Ben her zaman bir cinayet vakası üstünde geçen polisiye bir hikaye yazmak istemişimdir. Hiç vaktim olmamıştı. Şimdi aklıma bir senaryo gelmişken unutmadan yazmak istedim. Simdi kendi kendime konuşuyorum çunkü hiç okuyucum yok. Ancak ümitsizliğe kapılmak istemem.
Kitabımda hiç anlamayacağınız gelişmeler ve cinayetler gerçekleşebilir.
Gözlerimi araladım mesaj sesiyle. Telefonumu homurdanarak açtığımda "Sevgilim." yazılı kişiden yani Mert'den mesaj gelmişti. Mesajı açtığımda küçük çaplı bir şoka girdim. Mesajda şunlar yazıyordu.
"Nedenini sorma sevgilim. Ancak senden ayrılmak zorundayım zaten bir kaç güne ecel bizi ayıracaktı. Şimdiden ayrılalım dedim. Sonsuza dek hoşçakal." yazıyordu. Ne dediğini pek anlamaıştım. Bu bir tehditmiydi yoksa intihar öncesi bir mesajmıydı. İntihar etse pek umrumda degildi. Ben zaten Mert'le bir bahis uğruna sevgili olmuştum . Okulumuzun psikopat katiliyle kim sevgili olur kapışmasıydı bu.
Çocuk psikopat olduğu için herkes ondan korkuyordu.Tipi bile tüyleri ürpetecek olan cinstendi. İntihar etmesi normaldi. Çünku o akli dengesi bozuk biriydi.

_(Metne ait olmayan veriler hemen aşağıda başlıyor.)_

lemma eventually_admissible:
  fixes q :: nat and z :: int and kf :: "nat \<Rightarrow> nat"
  assumes q: "q \<ge> 2"
  defines "kf \<equiv> \<lambda>n. nat (\<lceil>log q (real n)\<rceil> + z)"
  shows "eventually (\<lambda>n. 1 \<le> n \<and> 1 \<le> kf n \<and> kf n + 2 \<le> n
           \<and> kf n * decay_rate q (kf n) \<le> 1/20) sequentially"
proof -
  have kf_top: "filterlim kf at_top sequentially"
    unfolding kf_def by (rule tendsto_nat_ceiling_log[OF q])
  have "eventually (\<lambda>k. real k * decay_rate q k < 1/20) sequentially"
    using lag_decay_rate_tendsto_0[OF q] by (rule order_tendstoD) simp
  then have small: "eventually (\<lambda>n. kf n * decay_rate q (kf n) \<le> 1/20) sequentially"
    by (rule eventually_compose_filterlim[OF eventually_mono kf_top]) auto
  have "eventually (\<lambda>n. kf n + 2 \<le> n) sequentially"
    using eventually_log_le[OF q, of "z + 3"] eventually_ge_at_top[of 2]
  proof eventually_elim
    case (elim n)
    have "real (kf n) \<le> max 0 (log q (real n) + z + 1)" unfolding kf_def by linarith
    then have "real (kf n + 2) \<le> real n" using elim by simp
    then show ?case by (simp only: of_nat_le_iff)
  qed
  moreover have "eventually (\<lambda>n. 1 \<le> kf n) sequentially"
    using kf_top by (simp add: filterlim_at_top)
  ultimately show ?thesis
    using small eventually_ge_at_top[of 1] by eventually_elim auto
qed

lemma C1_ratio_bounds_tendsto:
  fixes q :: nat and z :: int
  assumes "q \<ge> 2"
  shows "(\<lambda>k. exp (2 * (k * decay_rate q k) + 2 * decay_rate q k)) \<longlonglongrightarrow> 1"
    and "(\<lambda>k. (1 - 1 / real q ^ k) * exp (- (real q powr (- z)
           * (4 * (k * decay_rate q k) + 2 * decay_rate q k * (1 + 4 * (k * decay_rate q k))\<^sup>2))))
         \<longlonglongrightarrow> 1"
proof -
  have inverse_power: "(\<lambda>k. 1 / real q ^ k) \<longlonglongrightarrow> 0"
    using LIMSEQ_inverse_realpow_zero[of "real q"] assms by (simp add: inverse_eq_divide)
  note decay = lag_decay_rate_tendsto_0[OF assms] decay_rate_tendsto_0[OF assms]
  have "(\<lambda>k. exp (2 * (k * decay_rate q k) + 2 * decay_rate q k)) \<longlonglongrightarrow> exp (2 * 0 + 2 * 0)"
    by (intro tendsto_intros decay)
  then show "(\<lambda>k. exp (2 * (k * decay_rate q k) + 2 * decay_rate q k)) \<longlonglongrightarrow> 1" by simp
  have "(\<lambda>k. (1 - 1 / real q ^ k) * exp (- (real q powr (- z)
           * (4 * (k * decay_rate q k) + 2 * decay_rate q k * (1 + 4 * (k * decay_rate q k))\<^sup>2))))
      \<longlonglongrightarrow> (1 - 0) * exp (- (real q powr (- z) * (4 * 0 + 2 * 0 * (1 + 4 * 0)\<^sup>2)))"
    by (intro tendsto_intros decay inverse_power)
  then show "(\<lambda>k. (1 - 1 / real q ^ k) * exp (- (real q powr (- z)
           * (4 * (k * decay_rate q k) + 2 * decay_rate q k * (1 + 4 * (k * decay_rate q k))\<^sup>2))))
      \<longlonglongrightarrow> 1" by simp
qed

theorem lemma6:
  fixes q :: nat and z :: int
  assumes "q \<ge> 2"
  shows "(\<lambda>n. real (card (C1 n q (nat (\<lceil>log q (real n)\<rceil> + z))))
           / ((real q ^ n / real n) * ((real q - 1) / real q) ^ 2
              * real q powr ((log q (real n) - \<lceil>log q (real n)\<rceil>) - z
                   - log q (exp 1) * (real q - 1)
                     * real q powr ((log q (real n) - \<lceil>log q (real n)\<rceil>) - z - 1))))
         \<longlonglongrightarrow> 1"
proof -
  define kf where "kf n = nat (\<lceil>log q (real n)\<rceil> + z)" for n
  have "filterlim kf at_top sequentially"
    unfolding kf_def[abs_def] by (rule tendsto_nat_ceiling_log[OF assms])
  note limits = C1_ratio_bounds_tendsto(2)[OF assms, of z, THEN filterlim_compose, OF this]
    C1_ratio_bounds_tendsto(1)[OF assms, THEN filterlim_compose, OF this]
  have "eventually (\<lambda>n. 1 \<le> n \<and> 1 \<le> kf n \<and> kf n + 2 \<le> n
      \<and> kf n * decay_rate q (kf n) \<le> 1/20) sequentially"
    using eventually_admissible[OF assms, of z] by (simp add: kf_def)
  then have "eventually (\<lambda>n. (1 - 1 / real q ^ kf n) * exp (- (real q powr (- z)
        * (4 * (kf n * decay_rate q (kf n))
          + 2 * decay_rate q (kf n) * (1 + 4 * (kf n * decay_rate q (kf n)))\<^sup>2)))
      \<le> C1_ratio q z n) sequentially"
    and "eventually (\<lambda>n. C1_ratio q z n
      \<le> exp (2 * (kf n * decay_rate q (kf n)) + 2 * decay_rate q (kf n))) sequentially"
    by (eventually_elim, blast intro: C1_ratio_ge[OF assms _ kf_def] C1_ratio_le[OF assms _ kf_def])+
  from tendsto_sandwich[OF this limits] show ?thesis unfolding C1_ratio_def[abs_def] .
qed

end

En kısa zamanda ayrılacaktım ancak Mert'in bana aşık olmasından sonra işler ters gitti. Ondan ayrılmaya korkmuştum bana bir şey yapar diye. Bende onu seviyor gibi yapıyordum. O yüzden rehberim böyle.
"Acaba bir şey mi öğrendi bu manyak." diye kendi kendime sordum. Yoksa yoksa... Beni mi tehdit ediyordu bu .
Beni öldürebilmeyi göze mi almıştı. Mert en küçük bir şey öğrenirse bittim. O manyaktan her şey beklenirdi. Bana aşık olmasına aşıktı ama beni öldürmeyi bile göze alabilecek kadar affı olmayan biriydi.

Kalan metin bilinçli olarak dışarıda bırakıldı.